3.11. In Vivo Behavioral Study

The Institutional Animal Ethical Committee, University of Central Punjab, Lahore, Pakistan, authorized the experimental protocols for conducting the animal studies. Animals (Swiss albino rats) weighing 100–150 g were obtained from the animal facility of the University of Central Punjab, Lahore, Pakistan. All animals (equal number of males and females; n = 8) were divided into four main groups. The social isolation model and tail hanging model were used for induction of depression for up to 21 days. Groups II to IV were subjected to a depression model. Food and water supplies were maintained with controlled temperature and humidity. Groups were as follows: group I, normal rats (−ve control); group II, animals exposed to a depressive environment (+ve control); group III: depressed rats treated with hypericin; and group IV, depressed rats treated with the marketed formulation (fluoxetine).41,42

3.11.1. Tail Suspension Test (TST)

In this test, the isolated rats were suspended with adhesive tape in each chamber. The mouse should not touch the walls and is placed in the middle of the compartment.43 The animal was said to be immobile if its limbs were not moving when it was passively hanging. For the tail suspension test, specially constructed wooden tail suspension boxes (60 cm height, 40 cm width, and 30 cm depth) were employed. Every rat was placed inside a separate three-walled rectangular enclosure to prevent the animals from watching or interacting with one another. The top of each compartment box had a 1 cm wide × 60 cm long aluminum suspension bar that was utilized to suspend the tail of each mouse.

3.11.2. Open Field Test

Stressed rats exhibit a decrease in open-field activity and an increase in stereotyped behavior.44,45 Thigmotaxis (moving toward that solid object) is a characteristic of rats who like to stay close to walls and move more on the periphery, and it is more apparent in rats who exhibit depressive symptoms. Rats with less sadness are more likely to spend time in the open, middle part of the box.46,47 For conducting the open field test, the open-field apparatus consisted of a wooden box with dimensions of 105 cm length, 60 cm width, and 40 cm depth.48 Rats were randomly placed in one corner of the behavioral box and allowed to explore freely for 3 min. Activities in the open field were recorded for 3 min including number of circular motion, number of head raise, and number of times rat had come in the center of the box as well as in the corner of the box, and the number of times rats climbed was also recorded.

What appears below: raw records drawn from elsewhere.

(* In the entry–exit model described in the context (under all its standing assumptions (A1)–(A8)), the Bellman operator $T$ defined for $v \in \mathscr C$ by $$(Tv)(\phi,p) = \pi(\phi,p) + \beta \max\left\{0, \int v(\phi',p)\,\Gamma(\phi,\mathrm d\phi')\right\}$$ maps $\mathscr C$ into $\mathscr C$ and is a contraction on the metric space $(\mathscr C, d)$. Its unique fixed point $v^*$ is strictly increasing, and $v^*(\phi,p) < 0$ whenever $\phi = 0$ or $p = 0$.
   Context: Let $\mathbb R_+=[0,\infty)$ and let $\mathscr B$ denote its Borel sets; integrals are over $\mathbb R_+$. "Increasing" for functions on $\mathbb R_+^2$ refers to the componentwise order. Standing assumptions: (A1) A demand function $D$ on $\mathbb R_+$ is continuous and strictly decreasing with $D(0)=\infty$ and $\lim_{p\to\infty}D(p)=0$. (A2) Profit $\pi(\phi,p)$ and output $q(\phi,p)$ are functions of productivity $\phi\ge 0$ and price $p\ge0$; both are continuous and strictly increasing on $\mathbb R_+^2$; $q\ge 0$; and $\pi(\phi,p)<0$ if $\phi=0$ or $p=0$. (A3) $\Gamma$ is a Markov transition kernel on $\mathbb R_+$ which is monotone increasing (i.e. $\phi\mapsto\Gamma(\phi,[0,a])$ is decreasing for every $a\ge0$); $\Gamma^n$ denotes its $n$-step kernel. Moreover (a) for each $a>0$ and $\phi\ge0$ there is $n\in\mathbb N$ with $\Gamma^n(\phi,[0,a))>0$; (b) for each $p>0$ there exists $\phi\ge0$ with $\int \pi(\phi',p)\Gamma(\phi,\mathrm d\phi')\ge 0$. $\beta=1/(1+r)$ for a fixed $r>0$. (A4) $\gamma$ is a Borel probability measure on $\mathbb R_+$ with $\int q(\phi,p)\gamma(\mathrm d\phi)<\infty$ for all $p$ and $\gamma([0,a])>0$ for all $a>0$; $c_e>0$ is a fixed entry cost. (A5) There exists $p>0$ with $\int \pi(\phi,p)\gamma(\mathrm d\phi)\ge c_e$. (A6) For every $p$, $\sum_{t\ge0}\beta^t\int \pi(\phi',p)\Gamma^t(0,\mathrm d\phi')\le 0$. (A7) Let $\{\phi_t\}$ be the process with $\phi_0\sim\gamma$ and $\phi_{t+1}\sim\Gamma(\phi_t,\cdot)$. There is $\delta\in(\beta,1)$ with $\sum_{t\ge0}\delta^t\,\mathbb E\,\pi(\phi_t,p)<\infty$ for all $p\ge0$. Fix a constant $b$ with $\pi+b\ge1$ and set $\kappa(\phi,p):=\sum_{t\ge0}\delta^t\mathbb E_\phi[\pi(\phi_t,p)+b]$, where under $\mathbb E_\phi$ the process starts at $\phi_0=\phi$ and evolves via $\Gamma$; $\kappa$ is assumed finite everywhere (so $1\le\kappa<\infty$). For $f$ on $\mathbb R_+^2$ let $\|f\|_\kappa:=\sup|f/\kappa|$. Let $\mathscr C$ be the set of continuous, increasing functions $f$ on $\mathbb R_+^2$ with $\|f\|_\kappa<\infty$, with metric $d(v,w):=\|w-v\|_\kappa$. (A8) For every $u\in\mathscr C$, the map $(\phi,p)\mapsto\int u(\phi',p)\Gamma(\phi,\mathrm d\phi')$ is continuous. *)

theory Defs
  imports "HOL-Probability.Probability"
begin
(* Let $\mathbf{I}$ be a $d$-system of ideals in a ring $R$ and $A:=\mathscr{A}(R,\mathbf{I})$. The chain of idempotent ideals $0=J_d\subset J_{d-1}\subset\cdots\subset J_1\subset J_0=A$ has the property that, for every $1\le i\le d$, the left $A/J_i$-module $J_{i-1}/J_i$ is projective, and there is a ring isomorphism $e_i(A/J_i)e_i\cong R/I_{i,i+1}$.
   Context: A $d$-system of ideals in $R$ is a collection $\{I_{ij}\mid1\le i,j\le d+1\}$ of two-sided ideals with $I_{ij}I_{jk}\subset I_{ik}$ and $I_{ij}=R$ for $i\ge j$. $\mathscr{A}(R,\mathbf{I}):=\bigoplus_{1\le i,j\le d}I_{ij}/I_{i,d+1}$ with multiplication $(x+I_{i,d+1})(y+I_{k,d+1})=\delta_{jk}(xy+I_{i,d+1})\in I_{il}/I_{i,d+1}$ for $x\in I_{ij},y\in I_{kl}$. Put $e_k:=1+I_{k,d+1}\in I_{kk}/I_{k,d+1}$ for $1\le k\le d$, $f_j:=\sum_{k>j}e_k$ for $0\le j\le d$ ($f_0=1$, $f_d=0$), and $J_j:=Af_jA$. *)

theory Defs
  imports "HOL-Algebra.Algebra"
begin

definition d_system :: "('a, 'c) ring_scheme \<Rightarrow> nat \<Rightarrow> (nat \<Rightarrow> nat \<Rightarrow> 'a set) \<Rightarrow> bool" where
  "d_system R d I \<longleftrightarrow>
     (\<forall>i j. i \<in> {1..d+1} \<and> j \<in> {1..d+1} \<longrightarrow> ideal (I i j) R) \<and>
     (\<forall>i j k. i \<in> {1..d+1} \<and> j \<in> {1..d+1} \<and> k \<in> {1..d+1} \<longrightarrow>
         I i j \<cdot>\<^bsub>R\<^esub> I j k \<subseteq> I i k) \<and>
     (\<forall>i j. i \<in> {1..d+1} \<and> j \<in> {1..d+1} \<and> j \<le> i \<longrightarrow> I i j = carrier R)"

text \<open>Elements are d\<times>d matrices whose (i,j) entry lies in I_ij / I_{i,d+1}; the entries are
  represented as additive cosets of I_{i,d+1}. Entries outside {1..d}\<times>{1..d} are {} .\<close>

definition A_carrier :: "('a, 'c) ring_scheme \<Rightarrow> nat \<Rightarrow> (nat \<Rightarrow> nat \<Rightarrow> 'a set)
    \<Rightarrow> (nat \<Rightarrow> nat \<Rightarrow> 'a set) set" where
  "A_carrier R d I = {a.
     (\<forall>i j. i \<in> {1..d} \<and> j \<in> {1..d} \<longrightarrow> (\<exists>x \<in> I i j. a i j = I i (d+1) +>\<^bsub>R\<^esub> x)) \<and>
     (\<forall>i j. \<not> (i \<in> {1..d} \<and> j \<in> {1..d}) \<longrightarrow> a i j = {})}"

definition A_zero :: "('a, 'c) ring_scheme \<Rightarrow> nat \<Rightarrow> (nat \<Rightarrow> nat \<Rightarrow> 'a set)
    \<Rightarrow> nat \<Rightarrow> nat \<Rightarrow> 'a set" where
  "A_zero R d I = (\<lambda>i j. if i \<in> {1..d} \<and> j \<in> {1..d} then I i (d+1) else {})"

definition A_one :: "('a, 'c) ring_scheme \<Rightarrow> nat \<Rightarrow> (nat \<Rightarrow> nat \<Rightarrow> 'a set)
    \<Rightarrow> nat \<Rightarrow> nat \<Rightarrow> 'a set" where
  "A_one R d I = (\<lambda>i j. if i \<in> {1..d} \<and> j \<in> {1..d}
       then (if i = j then I i (d+1) +>\<^bsub>R\<^esub> \<one>\<^bsub>R\<^esub> else I i (d+1)) else {})"

definition A_add :: "('a, 'c) ring_scheme \<Rightarrow> (nat \<Rightarrow> nat \<Rightarrow> 'a set) \<Rightarrow> (nat \<Rightarrow> nat \<Rightarrow> 'a set)
    \<Rightarrow> nat \<Rightarrow> nat \<Rightarrow> 'a set" where
  "A_add R a b = (\<lambda>i j. a i j <+>\<^bsub>R\<^esub> b i j)"

text \<open>Matrix multiplication: (ab)_il = sum_j x_ij y_jl + I_{i,d+1}, for representatives
  x_ij of a_ij and y_jl of b_jl (independent of the choice of representatives).\<close>
definition A_mult :: "('a, 'c) ring_scheme \<Rightarrow> nat \<Rightarrow> (nat \<Rightarrow> nat \<Rightarrow> 'a set)
    \<Rightarrow> (nat \<Rightarrow> nat \<Rightarrow> 'a set) \<Rightarrow> (nat \<Rightarrow> nat \<Rightarrow> 'a set) \<Rightarrow> nat \<Rightarrow> nat \<Rightarrow> 'a set" where
  "A_mult R d I a b = (\<lambda>i l. if i \<in> {1..d} \<and> l \<in> {1..d} then
       \<Union> { I i (d+1) +>\<^bsub>R\<^esub> (\<Oplus>\<^bsub>R\<^esub>j\<in>{1..d}. x j \<otimes>\<^bsub>R\<^esub> y j) | x y.
             \<forall>j \<in> {1..d}. x j \<in> a i j \<and> y j \<in> b j l }
     else {})"

definition A_ring :: "('a, 'c) ring_scheme \<Rightarrow> nat \<Rightarrow> (nat \<Rightarrow> nat \<Rightarrow> 'a set)
    \<Rightarrow> (nat \<Rightarrow> nat \<Rightarrow> 'a set) ring" where
  "A_ring R d I = \<lparr> partial_object.carrier = A_carrier R d I, monoid.mult = A_mult R d I,
      monoid.one = A_one R d I, ring.zero = A_zero R d I, ring.add = A_add R \<rparr>"

definition A_e :: "('a, 'c) ring_scheme \<Rightarrow> nat \<Rightarrow> (nat \<Rightarrow> nat \<Rightarrow> 'a set)
    \<Rightarrow> nat \<Rightarrow> nat \<Rightarrow> nat \<Rightarrow> 'a set" where
  "A_e R d I k = (\<lambda>i j. if i = k \<and> j = k \<and> k \<in> {1..d} then I k (d+1) +>\<^bsub>R\<^esub> \<one>\<^bsub>R\<^esub>
                        else A_zero R d I i j)"

definition A_f :: "('a, 'c) ring_scheme \<Rightarrow> nat \<Rightarrow> (nat \<Rightarrow> nat \<Rightarrow> 'a set)
    \<Rightarrow> nat \<Rightarrow> nat \<Rightarrow> nat \<Rightarrow> 'a set" where
  "A_f R d I j = (\<Oplus>\<^bsub>A_ring R d I\<^esub>k\<in>{j<..d}. A_e R d I k)"

definition A_J :: "('a, 'c) ring_scheme \<Rightarrow> nat \<Rightarrow> (nat \<Rightarrow> nat \<Rightarrow> 'a set)
    \<Rightarrow> nat \<Rightarrow> (nat \<Rightarrow> nat \<Rightarrow> 'a set) set" where
  "A_J R d I j = genideal (A_ring R d I) {A_f R d I j}"
lemma code_in_range_snoc:
  assumes SL: "stab_list n SL" and S: "herm_pauli n S" and comm: "\<forall>(T, K)\<in>set SL. T * S = S * T"
    and not_in_group: "\<not> (S \<in> gen_group n (map fst SL) \<or> - S \<in> gen_group n (map fst SL))"
    and M: "M \<in> CM n" and inv: "code_in_range n w SL M"
  shows "code_in_range n w (SL @ [(S, {j})]) (projector n S (w j) * M)"
proof -
  obtain X where X: "X \<in> CM n" and QX: "stab_prod n w SL = M * X" and tr: "trace (stab_prod n w SL) \<noteq> 0"
    using inv unfolding code_in_range_def by blast
  have Sc: "S \<in> CM n" using S herm_pauli_carrier by blast
  define P where "P = projector n S (w j)"
  define Q where "Q = stab_prod n w SL"
  have P: "P \<in> CM n" unfolding P_def using projector_carrier[OF Sc] .
  have Q: "Q \<in> CM n" unfolding Q_def using stab_list_carrier[OF SL] by (intro stab_prod_carrier) auto
  note dims = carrier_matD[OF P] carrier_matD[OF Q] carrier_matD[OF M] carrier_matD[OF X]
  have "\<forall>(T, K)\<in>set SL. T \<in> CM n" using stab_list_carrier[OF SL] by blast
  hence new: "stab_prod n w (SL @ [(S, {j})]) = Q * (2 \<cdot>\<^sub>m P)"
    unfolding Q_def P_def using stab_prod_append[of SL n "[(S, {j})]" w] Sc
      carrier_matD[OF projector_carrier[OF Sc]]
    by (simp add: stab_prod_Cons stab_factor_singleton)
  have "S * Q = Q * S"
    unfolding Q_def using stab_list_carrier[OF SL] comm by (intro commute_stab_prod[OF Sc]) fastforce
  hence PQ: "P * Q = Q * P" unfolding P_def projector_eq_eig_proj by (rule commute_eig_proj[OF Sc Q sym])
  have QP: "Q * (2 \<cdot>\<^sub>m P) = 2 \<cdot>\<^sub>m (P * Q)"
    unfolding PQ using dims by (simp add: mat_algebra_dim)
  have "Q * (2 \<cdot>\<^sub>m P) = (P * M) * (2 \<cdot>\<^sub>m X)"
    unfolding QP unfolding Q_def QX using dims by (simp add: mat_algebra_dim)
  moreover have "trace (Q * (2 \<cdot>\<^sub>m P)) = trace Q"
  proof -
    have "trace (Q * (2 \<cdot>\<^sub>m P)) = 2 * trace (P * Q)"
      unfolding QP using P Q by (simp add: trace_smult[of _ "2^n"])
    also have "\<dots> = trace Q"
      unfolding P_def projector_eq_eig_proj trace_eig_proj_mult[OF Sc Q]
      using trace_pauli_mult_stab_prod_eq_0[OF SL S not_in_group] unfolding Q_def by simp
    finally show ?thesis .
  qed
  moreover have "2 \<cdot>\<^sub>m X \<in> CM n" using X by simp
  ultimately show ?thesis
    unfolding code_in_range_def new using tr unfolding Q_def P_def by auto
qed

lemma trace_eig_proj_sandwich:
  assumes S: "S \<in> CM n" and SS: "S * S = 1\<^sub>m (2^n)" and p: "p * p = 1" and Q: "Q \<in> CM n"
  shows "trace (eig_proj n S p * (Q * eig_proj n S p)) = trace Q / 2 + p / 2 * trace (S * Q)"
proof -
  define P where "P = eig_proj n S p"
  have P: "P \<in> CM n" unfolding P_def using eig_proj_carrier[OF S] .
  note dims = carrier_matD[OF P] carrier_matD[OF Q]
  have "trace (P * (Q * P)) = trace ((Q * P) * P)" using P Q by (intro trace_mult_comm) auto
  also have "(Q * P) * P = Q * P"
    using eig_proj_idem[OF S SS p] dims unfolding P_def[symmetric] by (simp add: assoc_mult_mat_dim)
  also have "trace (Q * P) = trace (P * Q)" using Q P by (rule trace_mult_comm)
  finally show ?thesis unfolding P_def trace_eig_proj_mult[OF S Q] .
qed

context
  fixes n SL T K S
  assumes SL: "stab_list n SL" and TK: "(T, K) \<in> set SL" and S: "herm_pauli n S"
    and TS: "anticommute T S"
begin

lemma anticomm_update_herm_pauli:
  "(T', K') \<in> set SL \<Longrightarrow> herm_pauli n (fst (anticomm_update T K S (T', K')))"
  using herm_pauli_mult[OF stab_list_herm_pauli[OF SL TK] stab_list_herm_pauli[OF SL]]
    stab_list_commute[OF SL TK] stab_list_herm_pauli[OF SL]
  by (simp add: anticomm_update_fst)

lemma anticomm_update_finite: "(T', K') \<in> set SL \<Longrightarrow> finite (snd (anticomm_update T K S (T', K')))"
  using stab_list_finite[OF SL TK] stab_list_finite[OF SL] by (simp add: anticomm_update_snd finite_symd)

lemma anticomm_update_commute_measured:
  assumes T'K': "(T', K') \<in> set SL"
  shows "fst (anticomm_update T K S (T', K')) * S = S * fst (anticomm_update T K S (T', K'))"
proof (cases "anticommute T' S")
  case True
  note dims = carrier_matD[OF stab_list_carrier[OF SL TK]] carrier_matD[OF stab_list_carrier[OF SL T'K']]
    carrier_matD[OF herm_pauli_carrier[OF S]]
  have "(T * T') * S = - ((T * S) * T')"
    using True dims unfolding anticommute_def by (simp add: assoc_mult_mat_dim)
  also have "\<dots> = S * (T * T')"
    using TS dims unfolding anticommute_def by (simp add: assoc_mult_mat_dim)
  finally show ?thesis using True by (simp add: anticomm_update_fst)
next
  case False
  thus ?thesis using herm_pauli_commute_if_not_anticommute[OF stab_list_herm_pauli[OF SL T'K'] S]
    by (simp add: anticomm_update_fst)
qed

lemma anticomm_update_commute_stabilizers:
  assumes T'K': "(T', K') \<in> set SL" and T''K'': "(T'', K'') \<in> set SL"
  shows "fst (anticomm_update T K S (T', K')) * T'' = T'' * fst (anticomm_update T K S (T', K'))"
  using commute_mult_mat[OF stab_list_carrier[OF SL T''K''] stab_list_carrier[OF SL TK]
      stab_list_carrier[OF SL T'K'] stab_list_commute[OF SL T''K'' TK] stab_list_commute[OF SL T''K'' T'K']]
    stab_list_commute[OF SL T'K' T''K'']
  by (simp add: anticomm_update_fst)

lemma anticomm_update_commute:
  assumes q1: "q1 \<in> set SL" and q2: "q2 \<in> set SL"
  shows "fst (anticomm_update T K S q1) * fst (anticomm_update T K S q2) =
    fst (anticomm_update T K S q2) * fst (anticomm_update T K S q1)"
proof -
  obtain T1 K1 T2 K2 where q: "q1 = (T1, K1)" "q2 = (T2, K2)" by force
  define A where "A = fst (anticomm_update T K S q1)"
  have A: "A \<in> CM n" unfolding A_def q
    using herm_pauli_carrier[OF anticomm_update_herm_pauli] q1 q by simp
  have "A * T = T * A" and AT2: "A * T2 = T2 * A"
    unfolding A_def q using anticomm_update_commute_stabilizers q1 q2 TK q by simp_all
  hence "A * (T * T2) = (T * T2) * A"
    using commute_mult_mat[OF A stab_list_carrier[OF SL TK] stab_list_carrier[OF SL q2[unfolded q(2)]]] by simp
  moreover have "fst (anticomm_update T K S q2) = T2 \<or> fst (anticomm_update T K S q2) = T * T2"
    by (simp add: q anticomm_update_fst)
  ultimately show ?thesis using AT2 unfolding A_def[symmetric] by auto
qed

lemma anticomm_update_stabilized:
  assumes M: "M \<in> CM n" and stab: "stabilizes w SL M" and T'K': "(T', K') \<in> set SL"
  shows "fst (anticomm_update T K S (T', K')) * M = outcome_sign w (snd (anticomm_update T K S (T', K'))) \<cdot>\<^sub>m M"
proof -
  have TM: "T * M = outcome_sign w K \<cdot>\<^sub>m M" and T'M: "T' * M = outcome_sign w K' \<cdot>\<^sub>m M"
    using stab TK T'K' unfolding stabilizes_def by auto
  note dims = carrier_matD[OF stab_list_carrier[OF SL TK]] carrier_matD[OF stab_list_carrier[OF SL T'K']]
    carrier_matD[OF M]
  have "T * T' * M = outcome_sign w (symd K K') \<cdot>\<^sub>m M"
    using TM T'M dims stab_list_finite[OF SL TK] stab_list_finite[OF SL T'K']
    by (simp add: mat_algebra_dim outcome_sign_symd ac_simps)
  thus ?thesis using T'M by (simp add: anticomm_update_fst anticomm_update_snd)
qed

lemma anticomm_update_stabilizes:
  assumes M: "M \<in> CM n" and stab: "stabilizes w SL M" and L: "set L \<subseteq> set SL"
  shows "stabilizes w (map (anticomm_update T K S) L) M"
proof -
  have "\<forall>q\<in>set L. fst (anticomm_update T K S q) * M = outcome_sign w (snd (anticomm_update T K S q)) \<cdot>\<^sub>m M"
    using anticomm_update_stabilized[OF M stab] L by auto
  thus ?thesis unfolding stabilizes_def by (auto simp: case_prod_beta)
qed

end

lemma stab_list_anticomm_update:
  assumes SL: "stab_list n SL" and S: "herm_pauli n S" and i: "i < length SL" and Ti: "SL ! i = (T, K)"
    and TS: "anticommute T S"
  shows "stab_list n (map (anticomm_update T K S) (take i SL @ drop (Suc i) SL) @ [(S, {j})])"
proof (rule stab_list_snoc[OF S])
  have TK: "(T, K) \<in> set SL" using i Ti nth_mem by metis
  have rest: "set (take i SL @ drop (Suc i) SL) \<subseteq> set SL" by (auto dest: in_set_takeD in_set_dropD)
  have herm: "herm_pauli n (fst (anticomm_update T K S q)) \<and> finite (snd (anticomm_update T K S q))"
    if "q \<in> set SL" for q
    using that anticomm_update_herm_pauli[OF SL TK S TS] anticomm_update_finite[OF SL TK S TS]
    by (metis prod.collapse)
  have measured: "fst (anticomm_update T K S q) * S = S * fst (anticomm_update T K S q)"
    if "q \<in> set SL" for q
    using that anticomm_update_commute_measured[OF SL TK S TS] by (metis prod.collapse)
  note comm = anticomm_update_commute[OF SL TK S TS]
  show "stab_list n (map (anticomm_update T K S) (take i SL @ drop (Suc i) SL))"
    unfolding stab_list_def commuting_paulis_def using rest herm comm
    by (auto simp: case_prod_beta subset_iff)
  show "\<forall>(T', K')\<in>set (map (anticomm_update T K S) (take i SL @ drop (Suc i) SL)). T' * S = S * T'"
    using rest measured by (auto simp: case_prod_beta)
qed

lemma stabilizes_anticomm_update:
  assumes SL: "stab_list n SL" and S: "herm_pauli n S" and i: "i < length SL" and Ti: "SL ! i = (T, K)"
    and TS: "anticommute T S" and M: "M \<in> CM n" and stab: "stabilizes w SL M"
  shows "stabilizes w (map (anticomm_update T K S) (take i SL @ drop (Suc i) SL) @ [(S, {j})])
    (projector n S (w j) * M)"
proof (rule stabilizes_snoc_projector[OF S M])
  have TK: "(T, K) \<in> set SL" using i Ti nth_mem by metis
  have rest: "set (take i SL @ drop (Suc i) SL) \<subseteq> set SL" by (auto dest: in_set_takeD in_set_dropD)
  show "stabilizes w (map (anticomm_update T K S) (take i SL @ drop (Suc i) SL)) M"
    by (rule anticomm_update_stabilizes[OF SL TK S TS M stab rest])
  show "\<forall>(T', K')\<in>set (map (anticomm_update T K S) (take i SL @ drop (Suc i) SL)). T' \<in> CM n \<and> T' * S = S * T'"
    using rest herm_pauli_carrier[OF anticomm_update_herm_pauli[OF SL TK S TS]]
      anticomm_update_commute_measured[OF SL TK S TS]
    by (auto simp: case_prod_beta)
qed

lemma stab_prod_eq_stab_factor_mult_update:
  assumes SL: "stab_list n SL" and i: "i < length SL" and Ti: "SL ! i = (T, K)"
  shows "stab_prod n w SL =
    stab_factor n w (T, K) * stab_prod n w (map (anticomm_update T K S) (take i SL @ drop (Suc i) SL))"
proof -
  have TK: "(T, K) \<in> set SL" using i Ti nth_mem by metis
  have "set (take i SL @ drop (Suc i) SL) \<subseteq> set SL" by (auto dest: in_set_takeD in_set_dropD)
  thus ?thesis
    unfolding stab_prod_remove_nth[OF SL i] Ti
    using stab_list_carrier[OF SL] stab_list_finite[OF SL] stab_list_commute[OF SL TK]
    by (intro stab_factor_mult_stab_prod_absorb[OF stab_list_carrier[OF SL TK] stab_list_square[OF SL TK]
          stab_list_finite[OF SL TK]]) auto
qed

text \<open>Write the old product as Q = F * R, with F the factor of the removed T and R the
  product of the updated list, which commutes with the new projector P. As T anticommutes
  with S, P * F * P = P, so the new product 2 * R * P equals 2 * P * Q * P: its range lies
  in that of P * M, and its trace is that of Q because trace (S * Q) = 0.\<close>
lemma code_in_range_anticomm_update:
  assumes SL: "stab_list n SL" and S: "herm_pauli n S" and i: "i < length SL" and Ti: "SL ! i = (T, K)"
    and TS: "anticommute T S" and M: "M \<in> CM n" and inv: "code_in_range n w SL M"
  shows "code_in_range n w (map (anticomm_update T K S) (take i SL @ drop (Suc i) SL) @ [(S, {j})])
    (projector n S (w j) * M)"
proof -
  define rest where "rest = take i SL @ drop (Suc i) SL"
  have rest: "set rest \<subseteq> set SL" unfolding rest_def by (auto dest: in_set_takeD in_set_dropD)
  have TK: "(T, K) \<in> set SL" using i Ti nth_mem by metis
  obtain X where X: "X \<in> CM n" and QX: "stab_prod n w SL = M * X" and tr: "trace (stab_prod n w SL) \<noteq> 0"
    using inv unfolding code_in_range_def by blast
  have Sc: "S \<in> CM n" and SS: "S * S = 1\<^sub>m (2^n)" using S herm_pauli_carrier herm_pauli_square by auto
  have Tc: "T \<in> CM n" using stab_list_carrier[OF SL TK] .
  define p where "p = (if w j then -1 else 1 :: complex)"
  have pp: "p * p = 1" unfolding p_def by simp
  define P where "P = eig_proj n S p"
  define Q where "Q = stab_prod n w SL"
  define F where "F = stab_factor n w (T, K)"
  define R where "R = stab_prod n w (map (anticomm_update T K S) rest)"
  have upd_carrier: "\<forall>(T', K')\<in>set (map (anticomm_update T K S) rest). T' \<in> CM n"
    using rest herm_pauli_carrier[OF anticomm_update_herm_pauli[OF SL TK S TS]] by (auto simp: case_prod_beta)
  have P: "P \<in> CM n" unfolding P_def using eig_proj_carrier[OF Sc] .
  have Q: "Q \<in> CM n" unfolding Q_def using stab_list_carrier[OF SL] by (intro stab_prod_carrier) auto
  have F: "F \<in> CM n" unfolding F_def using stab_factor_carrier[OF Tc] .
  have R: "R \<in> CM n" unfolding R_def using upd_carrier by (rule stab_prod_carrier)
  note dims = carrier_matD[OF P] carrier_matD[OF Q] carrier_matD[OF F] carrier_matD[OF R]
    carrier_matD[OF M] carrier_matD[OF X]
  have "S * R = R * S"
    unfolding R_def using upd_carrier rest anticomm_update_commute_measured[OF SL TK S TS]
    by (intro commute_stab_prod[OF Sc]) (auto simp: case_prod_beta)
  hence RP: "R * P = P * R" unfolding P_def by (rule commute_eig_proj[OF Sc R sym, symmetric])
  have QFR: "Q = F * R"
    unfolding Q_def F_def R_def rest_def by (rule stab_prod_eq_stab_factor_mult_update[OF SL i Ti])
  have "P * (Q * P) = P * (F * (P * R))" unfolding QFR RP[symmetric] using dims by (simp add: assoc_mult_mat_dim)
  also have "\<dots> = (P * (F * P)) * R" using dims by (simp add: assoc_mult_mat_dim)
  finally have PQP: "P * (Q * P) = P * R"
    unfolding P_def F_def eig_proj_stab_factor_eig_proj[OF Sc SS pp Tc TS[unfolded anticommute_def]] .
  have "stab_prod n w (map (anticomm_update T K S) rest @ [(S, {j})]) = R * (2 \<cdot>\<^sub>m P)"
    unfolding R_def P_def p_def using stab_prod_append[OF upd_carrier, of "[(S, {j})]"] Sc
      carrier_matD[OF projector_carrier[OF Sc]]
    by (simp add: stab_prod_Cons stab_factor_singleton projector_eq_eig_proj)
  also have "\<dots> = 2 \<cdot>\<^sub>m (P * (Q * P))" unfolding PQP RP[symmetric] using dims by (simp add: mat_algebra_dim)
  finally have new: "stab_prod n w (map (anticomm_update T K S) rest @ [(S, {j})]) = 2 \<cdot>\<^sub>m (P * (Q * P))" .
  have "2 \<cdot>\<^sub>m (P * (Q * P)) = (P * M) * (2 \<cdot>\<^sub>m (X * P))"
    unfolding Q_def QX using dims by (simp add: mat_algebra_dim)
  moreover have "2 \<cdot>\<^sub>m (X * P) \<in> CM n" using X P by simp
  moreover have "trace (2 \<cdot>\<^sub>m (P * (Q * P))) = trace Q"
    using P Q trace_pauli_mult_stab_prod_anticommuting[OF SL TK Sc TS]
    by (simp add: trace_smult[of _ "2^n"] P_def Q_def trace_eig_proj_sandwich[OF Sc SS pp Q[unfolded Q_def]])
  ultimately show ?thesis
    unfolding code_in_range_def rest_def[symmetric] new P_def p_def projector_eq_eig_proj
    using tr unfolding Q_def by auto
qed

3.11.3. Elevated Plus Maze Test (EPM)

This test was carried out in accordance with the previously conducted research studies.49,50 To conduct this test, an elevated plus maze apparatus was employed. This apparatus was made up of two opposed open arms that measured 48 cm long by 10 cm wide and two enclosed arms that measured 48 cm long by 10 cm wide and 60 cm tall, all linked by a central platform to form the appearance of a plus sign. The middle field unites both the open and closed arms. Each rat was positioned individually in the apparatus’ center field, facing one of its closed arms. Animal behavior was recorded for 3 min. After every rat, the device was cleaned with a disinfection solution with no odor. The frequency of entrances into open and closed arms as well as the length of time spent in open arms was counted.51

4. Results and Discussion

4.1. pH, Viscosity, and Refractive Index

The pH of all the prepared formulations lay in the nasal pH range (4.5–6.4),5254 signifying its nonirritant nature. Because the prepared formulations were oil in water (O/W) nanoemulsions, the viscosity was expected to be lower, favoring the administration of nanoemulsions via the nasal cavity.55 The viscosity of prepared nanoemulsion formulations ranges from 3.57 to 8.43. The refractive index of nanoemulsions shows a mean value of 1.329, signifying the clear isotropic nature of the formulations. Table 2 shows all the pH, viscosity, and refractive index values of the prepared formulations.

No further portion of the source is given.